## EXERCISE DIRECTIONS
Search the data for the word "unfolding" and copy out every line that has it.

## EXTRACTED MATERIAL
==========

lemma sum_edge_pairs_card_Int:
  fixes w :: "'a set \<Rightarrow> real" and \<phi> :: "nat \<Rightarrow> real"
  assumes "finite U" and edges: "\<And>e. e \<in> E \<Longrightarrow> e \<subseteq> U \<and> card e = 2"
  shows "(\<Sum>e\<in>E. \<Sum>f\<in>E. w e * w f * \<phi> (card (e \<inter> f)))
    = \<phi> 0 * (\<Sum>e\<in>E. w e)\<^sup>2 + (\<phi> 1 - \<phi> 0) * (\<Sum>i\<in>U. (\<Sum>e\<in>{e\<in>E. i \<in> e}. w e)\<^sup>2)
      + (\<phi> 2 - 2 * \<phi> 1 + \<phi> 0) * (\<Sum>e\<in>E. (w e)\<^sup>2)"
proof -
  have "finite E" using edges by (intro finite_subset[of E "Pow U"]) (auto simp: assms(1))
  have interpolation: "\<phi> (card (e \<inter> f)) = \<phi> 0 + (\<phi> 1 - \<phi> 0) * real (card (e \<inter> f))
      + (\<phi> 2 - 2 * \<phi> 1 + \<phi> 0) * (if e = f then 1 else 0)" if "e \<in> E" "f \<in> E" for e f
  proof -
    have "card (e \<inter> f) \<in> {0, 1, 2}" and "card (e \<inter> f) = 2 \<longleftrightarrow> e = f"
      using card_Int_doubletons[of e f] edges[OF that(1)] edges[OF that(2)] by auto
    then show ?thesis by auto
  qed
  have "(\<Sum>e\<in>E. \<Sum>f\<in>E. w e * w f * \<phi> (card (e \<inter> f)))
      = (\<Sum>e\<in>E. \<Sum>f\<in>E. \<phi> 0 * (w e * w f) + (\<phi> 1 - \<phi> 0) * (w e * w f * real (card (e \<inter> f)))
          + (\<phi> 2 - 2 * \<phi> 1 + \<phi> 0) * (if e = f then w e * w f else 0))"
    by (intro sum.cong refl) (auto simp: interpolation algebra_simps)
  also have "\<dots> = \<phi> 0 * (\<Sum>e\<in>E. \<Sum>f\<in>E. w e * w f)
        + (\<phi> 1 - \<phi> 0) * (\<Sum>e\<in>E. \<Sum>f\<in>E. w e * w f * real (card (e \<inter> f)))
        + (\<phi> 2 - 2 * \<phi> 1 + \<phi> 0) * (\<Sum>e\<in>E. \<Sum>f\<in>E. if e = f then w e * w f else 0)"
    by (simp add: sum.distrib sum_distrib_left)
  also have "\<dots> = \<phi> 0 * (\<Sum>e\<in>E. w e)\<^sup>2 + (\<phi> 1 - \<phi> 0) * (\<Sum>i\<in>U. (\<Sum>e\<in>{e\<in>E. i \<in> e}. w e)\<^sup>2)
      + (\<phi> 2 - 2 * \<phi> 1 + \<phi> 0) * (\<Sum>e\<in>E. (w e)\<^sup>2)"
    using \<open>finite E\<close> edges
    by (simp add: sum_pairs_card_Int[OF assms(1)] power2_eq_square sum_product)
  finally show ?thesis .
qed

lemma covariance_Rw:
  assumes "finite (set_pmf p)" and "finite U" and edges: "\<And>e. e \<in> E \<Longrightarrow> e \<subseteq> U \<and> card e = 2"
    and "\<And>e. e \<in> E \<Longrightarrow> measure_pmf.prob p {g. \<forall>i\<in>e. g i = a} = \<mu>\<^sub>a"
    and "\<And>e. e \<in> E \<Longrightarrow> measure_pmf.prob p {g. \<forall>i\<in>e. g i = b} = \<mu>\<^sub>b"
    and "\<And>e f. e \<in> E \<Longrightarrow> f \<in> E \<Longrightarrow>
      measure_pmf.prob p {g. (\<forall>i\<in>e. g i = a) \<and> (\<forall>i\<in>f. g i = b)} = \<phi> (card (e \<inter> f))"
  shows "covariance p (Rw E w a) (Rw E w b)
    = (\<phi> 0 - \<mu>\<^sub>a * \<mu>\<^sub>b) * (\<Sum>e\<in>E. w e)\<^sup>2 + (\<phi> 1 - \<phi> 0) * (\<Sum>i\<in>U. (\<Sum>e\<in>{e\<in>E. i \<in> e}. w e)\<^sup>2)
      + (\<phi> 2 - 2 * \<phi> 1 + \<phi> 0) * (\<Sum>e\<in>E. (w e)\<^sup>2)"
proof -
  have "measure_pmf.expectation p (\<lambda>g. Rw E w a g * Rw E w b g)
      = (\<Sum>e\<in>E. \<Sum>f\<in>E. w e * w f * \<phi> (card (e \<inter> f)))"
    using assms(6) by (simp add: expectation_Rw_mult[OF assms(1)])
  also have "\<dots> = \<phi> 0 * (\<Sum>e\<in>E. w e)\<^sup>2 + (\<phi> 1 - \<phi> 0) * (\<Sum>i\<in>U. (\<Sum>e\<in>{e\<in>E. i \<in> e}. w e)\<^sup>2)
      + (\<phi> 2 - 2 * \<phi> 1 + \<phi> 0) * (\<Sum>e\<in>E. (w e)\<^sup>2)"
    by (rule sum_edge_pairs_card_Int[OF assms(2) edges])
  finally have "measure_pmf.expectation p (\<lambda>g. Rw E w a g * Rw E w b g) = \<dots>" .
  moreover have "measure_pmf.expectation p (Rw E w a) = \<mu>\<^sub>a * (\<Sum>e\<in>E. w e)"
    and "measure_pmf.expectation p (Rw E w b) = \<mu>\<^sub>b * (\<Sum>e\<in>E. w e)"
    using assms(4,5) by (simp_all add: expectation_Rw[OF assms(1)] sum_distrib_left mult.commute)
  ultimately show ?thesis
    unfolding covariance_eq_pmf[OF assms(1)] by algebra
qed

definition label_pattern_probs :: "(nat \<Rightarrow> nat) pmf \<Rightarrow> nat \<Rightarrow> (nat \<Rightarrow> nat \<Rightarrow> real) \<Rightarrow> bool" where
  "label_pattern_probs p N \<psi> \<longleftrightarrow> (\<forall>A B. A \<subseteq> {1..N} \<longrightarrow> B \<subseteq> {1..N} \<longrightarrow> A \<inter> B = {} \<longrightarrow>
     measure_pmf.prob p {g. (\<forall>i\<in>A. g i = 0) \<and> (\<forall>i\<in>B. g i = 1)} = \<psi> (card A) (card B))"

lemma label_pattern_probs_label_pmf:
  "label_pattern_probs (label_pmf n1 n2) (n1 + n2)
     (\<lambda>a b. falling_fact n1 a * falling_fact n2 b / falling_fact (n1 + n2) (a + b))"
  unfolding label_pattern_probs_def using prob_label_pmf_fixing by blast

lemma label_pattern_probs_edge:
  assumes "label_pattern_probs p N \<psi>" and "simple_graph_on N E" and "e \<in> E"
  shows "measure_pmf.prob p {g. \<forall>i\<in>e. g i = 0} = \<psi> 2 0"
    and "measure_pmf.prob p {g. \<forall>i\<in>e. g i = 1} = \<psi> 0 2"
  using assms(1)[unfolded label_pattern_probs_def, rule_format, of e "{}"]
    assms(1)[unfolded label_pattern_probs_def, rule_format, of "{}" e] simple_graph_on_edge[OF assms(2,3)]
  by simp_all
(* For each nonnegative integer $k$, \[\sum_{n\geq 0}|\mathsf{Pop}^k(\mathcal{O}(\mathsf{C}_n))|\,x^n=\frac{1-x^{k+1}-\sqrt{(1-x^{k+1})^2-4x(1-x)(1-x^{k+1})}}{2x(1-x)}.\]
   Context: $\mathsf{C}_n$ is the chain with $n$ elements, viewed as a rooted tree (a path) whose root is the top element; for $n=0$ the lattice $\mathcal{O}(\mathsf{C}_0)$ has exactly one element. For a rooted tree $\mathsf{T}$ (poset with the root as maximum, each non-root node covered by its parent), an ornament is a nonempty set of nodes inducing a connected subgraph, and an ornamentation is a map $\delta$ from nodes to ornaments such that the maximal element of $\delta(v)$ is $v$ and any two sets $\delta(v),\delta(v')$ are nested or disjoint. $\mathcal{O}(\mathsf{T})$ is the set of ornamentations ordered by $\delta\leq\delta'$ iff $\delta(v)\subseteq\delta'(v)$ for all $v$; it is a lattice with meet given by pointwise intersection. (For $\mathsf{T}=\mathsf{C}_n$ this is the $n$-th Tamari lattice.) The pop-stack operator is $\mathsf{Pop}(\delta)=\bigwedge(\{\delta\}\cup\{\delta':\delta'\lessdot\delta\})$, and $\mathsf{Pop}^k$ is its $k$-th iterate ($\mathsf{Pop}^0$ the identity). *)

theory Defs
  imports Complex_Main
begin

text \<open>A rooted tree is given as a finite set of nodes V with a partial order le
  (root = maximum, each non-root node covered by its parent).  Edges of the
  underlying graph are the cover relations.\<close>

definition tcovers :: "'a set \<Rightarrow> ('a \<Rightarrow> 'a \<Rightarrow> bool) \<Rightarrow> 'a \<Rightarrow> 'a \<Rightarrow> bool" where
  "tcovers V le x y \<longleftrightarrow> x \<in> V \<and> y \<in> V \<and> le x y \<and> x \<noteq> y \<and>
     \<not> (\<exists>z\<in>V. le x z \<and> le z y \<and> z \<noteq> x \<and> z \<noteq> y)"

==========

## WRITTEN RESPONSE
    unfolding covariance_eq_pmf[OF assms(1)] by algebra
  unfolding label_pattern_probs_def using prob_label_pmf_fixing by blast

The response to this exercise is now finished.